Requirement:
Please work out the number of lines in the following material that include "section", and reply with only that number.

Supplied records:
(* Let $X=\mathbb{Q}$ with its usual ordering, let $\Gamma$ be the group of all order-preserving permutations of $\mathbb{Q}$ acting by application, and let $I$ be the ideal of nowhere dense subsets of $\mathbb{Q}$ (in the order topology). Then the dynamical ideal $\Gamma\curvearrowright X, I$ has cofinal orbits.
   Context: For a group $\Gamma$ acting on $X$ and a $\Gamma$-invariant ideal $I$ on $X$ containing all singletons, and $a\subseteq X$, $\mathrm{pstab}(a)=\{\gamma\in\Gamma:\gamma\cdot x=x\ \forall x\in a\}$. For $a,b\in I$, $b$ is $a$-large if for every $c\in I$ there is $\gamma\in\mathrm{pstab}(a)$ with $c\subseteq\gamma\cdot b$, where $\gamma\cdot b=\{\gamma\cdot x:x\in b\}$. The dynamical ideal has cofinal orbits if for every $a\in I$ there is an $a$-large $b\in I$. *)

theory Defs
  imports "HOL-Analysis.Analysis"
begin

text \<open>The order topology on the rationals (the library provides no topology on rat).\<close>
instantiation rat :: linorder_topology
begin
definition open_rat_def:
  "open (S :: rat set) = generate_topology (range lessThan \<union> range greaterThan) S"
instance by standard (simp add: open_rat_def fun_eq_iff)
end

definition pstab :: "('x \<Rightarrow> 'x) set \<Rightarrow> 'x set \<Rightarrow> ('x \<Rightarrow> 'x) set" where
  "pstab \<Gamma> a = {\<gamma> \<in> \<Gamma>. \<forall>x \<in> a. \<gamma> x = x}"

definition is_large :: "('x \<Rightarrow> 'x) set \<Rightarrow> 'x set set \<Rightarrow> 'x set \<Rightarrow> 'x set \<Rightarrow> bool" where
  "is_large \<Gamma> I a b \<longleftrightarrow> (\<forall>c \<in> I. \<exists>\<gamma> \<in> pstab \<Gamma> a. c \<subseteq> \<gamma> ` b)"

definition has_cofinal_orbits :: "('x \<Rightarrow> 'x) set \<Rightarrow> 'x set set \<Rightarrow> bool" where
  "has_cofinal_orbits \<Gamma> I \<longleftrightarrow> (\<forall>a \<in> I. \<exists>b \<in> I. is_large \<Gamma> I a b)"

definition nowhere_dense :: "'a::topological_space set \<Rightarrow> bool" where
  "nowhere_dense A \<longleftrightarrow> interior (closure A) = {}"

definition order_automorphisms_rat :: "(rat \<Rightarrow> rat) set" where
  "order_automorphisms_rat = {f. bij f \<and> (\<forall>x y. x \<le> y \<longleftrightarrow> f x \<le> f y)}"

end

theory Submission
  imports Defs
begin

text \<open>Let \<open>F\<close> be the closure of the given nowhere dense set. Each point outside \<open>F\<close> lies in a
  maximal dyadic interval missing \<open>F\<close>; putting a scaled copy of a nowhere dense set without
  one-sided isolated points into each of these intervals gives a nowhere dense \<open>B \<supseteq> F\<close> that
  accumulates from both sides at each of its points and has points on both sides of every point
  of every gap of \<open>F\<close>. Given a closed nowhere dense \<open>C\<close>, a back-and-forth construction over
  finite partial isomorphisms fixing \<open>F\<close> produces an order automorphism fixing \<open>F\<close> that pulls
  \<open>C\<close> back into \<open>B\<close>. The invariant that makes every step possible is that \<open>B\<close>-free gaps
  between arguments are mapped onto \<open>C\<close>-free gaps.\<close>

section \<open>Nowhere dense sets of rationals\<close>

lemma open_rat_contains_interval:
  assumes "open S" "(x::rat) \<in> S"
  obtains e where "e > 0" "{x - e<..<x + e} \<subseteq> S"
proof -
  obtain b where b: "x < b" "{x..<b} \<subseteq> S" using open_right[OF assms, of "x + 1"] by auto
  obtain a where a: "a < x" "{a<..x} \<subseteq> S" using open_left[OF assms, of "x - 1"] by auto
  have "{x - min (b - x) (x - a)<..<x + min (b - x) (x - a)} \<subseteq> {a<..x} \<union> {x..<b}"
    by auto
  with a b show ?thesis using that[of "min (b - x) (x - a)"] by auto
qed

lemma closed_rat_avoids_interval:
  assumes "closed F" "(x::rat) \<notin> F"
  obtains e where "e > 0" "{x - e<..<x + e} \<inter> F = {}"
proof -
  obtain e where "e > 0" "{x - e<..<x + e} \<subseteq> - F"
    using open_rat_contains_interval[of "- F" x] assms by (auto simp: closed_def)
  then show ?thesis using that by blast
qed

lemma nowhere_dense_rat_gap:
  assumes "nowhere_dense (A::rat set)" "u < v"
  obtains p q where "u \<le> p" "p < q" "q \<le> v" "{p<..<q} \<inter> A = {}"
proof -
  have "\<not> {u<..<v} \<subseteq> interior (closure A)"
    using assms by (auto simp: nowhere_dense_def dest: dense)
  then have "\<not> {u<..<v} \<subseteq> closure A"
    by (meson interior_maximal open_greaterThanLessThan)
  then obtain z where "z \<in> {u<..<v}" "z \<notin> closure A" by blast
  then have z: "u < z" "z < v" "z \<in> {u<..<v} - closure A" by auto
  have "open ({u<..<v} - closure A)" by (intro open_Diff open_greaterThanLessThan closed_closure)
  then obtain e where "e > 0" and e: "{z - e<..<z + e} \<subseteq> {u<..<v} - closure A"
    using z(3) by (rule open_rat_contains_interval)
  then have "{max u (z - e)<..<min v (z + e)} \<inter> A = {}"
    using closure_subset by fastforce
  then show ?thesis using that[of "max u (z - e)" "min v (z + e)"] z \<open>e > 0\<close> by auto
qed

lemma nowhere_dense_rat_intro:
  assumes gaps: "\<And>u v. u < v \<Longrightarrow> \<exists>p q. u \<le> p \<and> p < q \<and> q \<le> v \<and> {p<..<q} \<inter> (A::rat set) = {}"
  shows "nowhere_dense A"
  unfolding nowhere_dense_def
proof (rule ccontr)
  assume "interior (closure A) \<noteq> {}"
  then obtain x where "x \<in> interior (closure A)" by blast
  then obtain e where "e > 0" and e: "{x - e<..<x + e} \<subseteq> closure A"
    using open_rat_contains_interval[OF open_interior] interior_subset by (metis subset_trans)
  then obtain p q where pq: "x - e \<le> p" "p < q" "q \<le> x + e" "{p<..<q} \<inter> A = {}"
    using gaps[of "x - e" "x + e"] by auto
  then have "{p<..<q} \<inter> closure A = {}" by (simp add: open_Int_closure_eq_empty)
  moreover obtain m where "p < m" "m < q" using dense[OF \<open>p < q\<close>] by blast
  moreover have "m \<in> {x - e<..<x + e}" using \<open>p < m\<close> \<open>m < q\<close> pq by auto
  then have "m \<in> closure A" using e by blast
  ultimately show False using \<open>p < m\<close> \<open>m < q\<close> by auto
qed

lemma nowhere_dense_closure: "nowhere_dense (closure A) \<longleftrightarrow> nowhere_dense A"
  by (simp add: nowhere_dense_def)

lemma inverse_power_less:
  assumes "(e::rat) > 0" "b \<ge> 2"
  obtains n where "1 / b ^ n < e"
proof -
  obtain n :: nat where n: "1 / e < of_nat n" using reals_Archimedean2 by blast
  also have "\<dots> < 2 ^ n" by simp
  also have "\<dots> \<le> b ^ n" using assms(2) by (intro power_mono) auto
  finally have "1 / e < b ^ n" .
  moreover have "b ^ n > 0" using assms(2) by simp
  ultimately show ?thesis using that[of n] assms(1) by (simp add: field_simps)
qed

section \<open>A Cantor set of rationals\<close>

definition two_sided_limit_point :: "'a::linorder set \<Rightarrow> 'a \<Rightarrow> bool" where
  "two_sided_limit_point A x \<longleftrightarrow>
     (\<forall>a<x. \<exists>w\<in>A. a < w \<and> w < x) \<and> (\<forall>b>x. \<exists>w\<in>A. x < w \<and> w < b)"

lemma two_sided_limit_point_mono:
  "A \<subseteq> B \<Longrightarrow> two_sided_limit_point A x \<Longrightarrow> two_sided_limit_point B x"
  unfolding two_sided_limit_point_def by blast

text \<open>The points whose base-5 expansion has digits in \<open>{0, 1, 2}\<close> and ends in the tail
  \<open>1/4 = 0.111\<dots>\<close>. All multiples \<open>5^n x\<close> have fractional part below \<open>1/2\<close>, which
  makes the set nowhere dense; the tail makes every point a limit from both sides.\<close>

inductive_set quinary_cantor :: "rat set" where
  seed: "1/4 \<in> quinary_cantor"
| digit: "x \<in> quinary_cantor \<Longrightarrow> d \<le> 2 \<Longrightarrow> (x + of_nat d) / 5 \<in> quinary_cantor"

lemma quinary_cantor_bounds: "x \<in> quinary_cantor \<Longrightarrow> 0 < x \<and> x < 1/2"
  by (induction rule: quinary_cantor.induct) (auto simp: field_simps)

lemma five_power_quarter: "\<exists>k::int. (5::rat) ^ n * (1/4) = of_int k + 1/4"
proof (induction n)
  case 0
  show ?case by (intro exI[of _ 0]) simp
next
  case (Suc n)
  then obtain k where "(5::rat) ^ n * (1/4) = of_int k + 1/4" by blast
  then have "(5::rat) ^ Suc n * (1/4) = of_int (5 * k + 1) + 1/4" by simp
  then show ?case by blast
qed

lemma quinary_cantor_frac_less_half:
  "x \<in> quinary_cantor \<Longrightarrow> 5 ^ n * x < of_int \<lfloor>5 ^ n * x\<rfloor> + 1/2"
proof (induction arbitrary: n rule: quinary_cantor.induct)
  case seed
  obtain k where k: "(5::rat) ^ n * (1/4) = of_int k + 1/4" using five_power_quarter by blast
  have "\<lfloor>(5::rat) ^ n * (1/4)\<rfloor> = k" unfolding k by (intro floor_unique) auto
  moreover have "(5::rat) ^ n * (1/4) < of_int k + 1/2" using k by linarith
  ultimately show ?case by (simp only:)
next
  case (digit x d)
  show ?case
  proof (cases n)
    case 0
    have "0 < (x + of_nat d) / 5" "(x + of_nat d) / 5 < 1/2"
      using quinary_cantor_bounds[OF quinary_cantor.digit[OF digit.hyps]] by auto
    moreover from this have "\<lfloor>(x + of_nat d) / 5\<rfloor> = 0" by (intro floor_unique) auto
    ultimately show ?thesis using 0 by simp
  next
    case (Suc m)
    have shift: "(5::rat) ^ n * ((x + of_nat d) / 5) = 5 ^ m * x + of_int (5 ^ m * int d)"
      unfolding Suc by (simp add: algebra_simps)
    have "\<lfloor>(5::rat) ^ m * x + of_int (5 ^ m * int d)\<rfloor> = \<lfloor>(5::rat) ^ m * x\<rfloor> + 5 ^ m * int d"
      by (rule floor_add_int[symmetric])
    then show ?thesis unfolding shift using digit.IH[of m] by simp
  qed
qed

lemma nowhere_dense_quinary_cantor: "nowhere_dense quinary_cantor"
proof (rule nowhere_dense_rat_intro)
  fix u v :: rat assume "u < v"
  then obtain n where n: "1 / 5 ^ n < (v - u) / 2" using inverse_power_less[of "(v - u) / 2" 5] by auto
  define t :: rat where "t = 5 ^ n"
  have "t > 0" by (simp add: t_def)
  define k where "k = \<lceil>t * u\<rceil>"
  have k: "t * u \<le> of_int k" "of_int k < t * u + 1" using ceiling_correct[of "t * u"] by (auto simp: k_def)
  define p where "p = (of_int k + 1/2) / t"
  define q where "q = (of_int k + 1) / t"
  have "u \<le> p" "p < q" using k \<open>t > 0\<close> by (simp_all add: p_def q_def field_simps)
  moreover have "q \<le> v"
  proof -
    have "q < (t * u + 2) / t" using k \<open>t > 0\<close> unfolding q_def by (intro divide_strict_right_mono) auto
    also have "\<dots> = u + 2 / t" using \<open>t > 0\<close> by (simp add: field_simps)
    finally have "q < u + 2 / t" .
    moreover have "2 / t < v - u" using n by (simp add: t_def field_simps)
    ultimately show ?thesis by simp
  qed
  moreover have "{p<..<q} \<inter> quinary_cantor = {}"
  proof -
    have "z \<notin> quinary_cantor" if "p < z" "z < q" for z
    proof -
      have z: "of_int k + 1/2 < t * z" "t * z < of_int k + 1"
        using that \<open>t > 0\<close> by (auto simp: p_def q_def field_simps)
      then have "\<lfloor>t * z\<rfloor> = k" by (intro floor_unique) auto
      then show ?thesis using quinary_cantor_frac_less_half[of z n] z by (auto simp: t_def)
    qed
    then show ?thesis by auto
  qed
  ultimately show "\<exists>p q. u \<le> p \<and> p < q \<and> q \<le> v \<and> {p<..<q} \<inter> quinary_cantor = {}" by blast
qed

lemma quinary_cantor_near_seed: "1/4 + 1 / 5 ^ Suc k \<in> quinary_cantor \<and> 1/4 - 1 / 5 ^ Suc k \<in> quinary_cantor"
proof (induction k)
  case 0
  have "(1/4 + of_nat 2) / 5 \<in> quinary_cantor" "(1/4 + of_nat 0) / 5 \<in> quinary_cantor"
    by (simp_all only: quinary_cantor.digit quinary_cantor.seed)
  then show ?case by simp
next
  case (Suc k)
  then have "(1/4 + 1 / 5 ^ Suc k + of_nat 1) / 5 \<in> quinary_cantor"
    "(1/4 - 1 / 5 ^ Suc k + of_nat 1) / 5 \<in> quinary_cantor"
    by (simp_all only: quinary_cantor.digit one_le_numeral)
  moreover have "(1/4 + 1 / 5 ^ Suc k + of_nat 1) / 5 = 1/4 + 1 / (5::rat) ^ Suc (Suc k)"
    "(1/4 - 1 / 5 ^ Suc k + of_nat 1) / 5 = 1/4 - 1 / (5::rat) ^ Suc (Suc k)"
    by (simp_all add: field_simps)
  ultimately show ?case by (simp only:)
qed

Solution to the problem:
2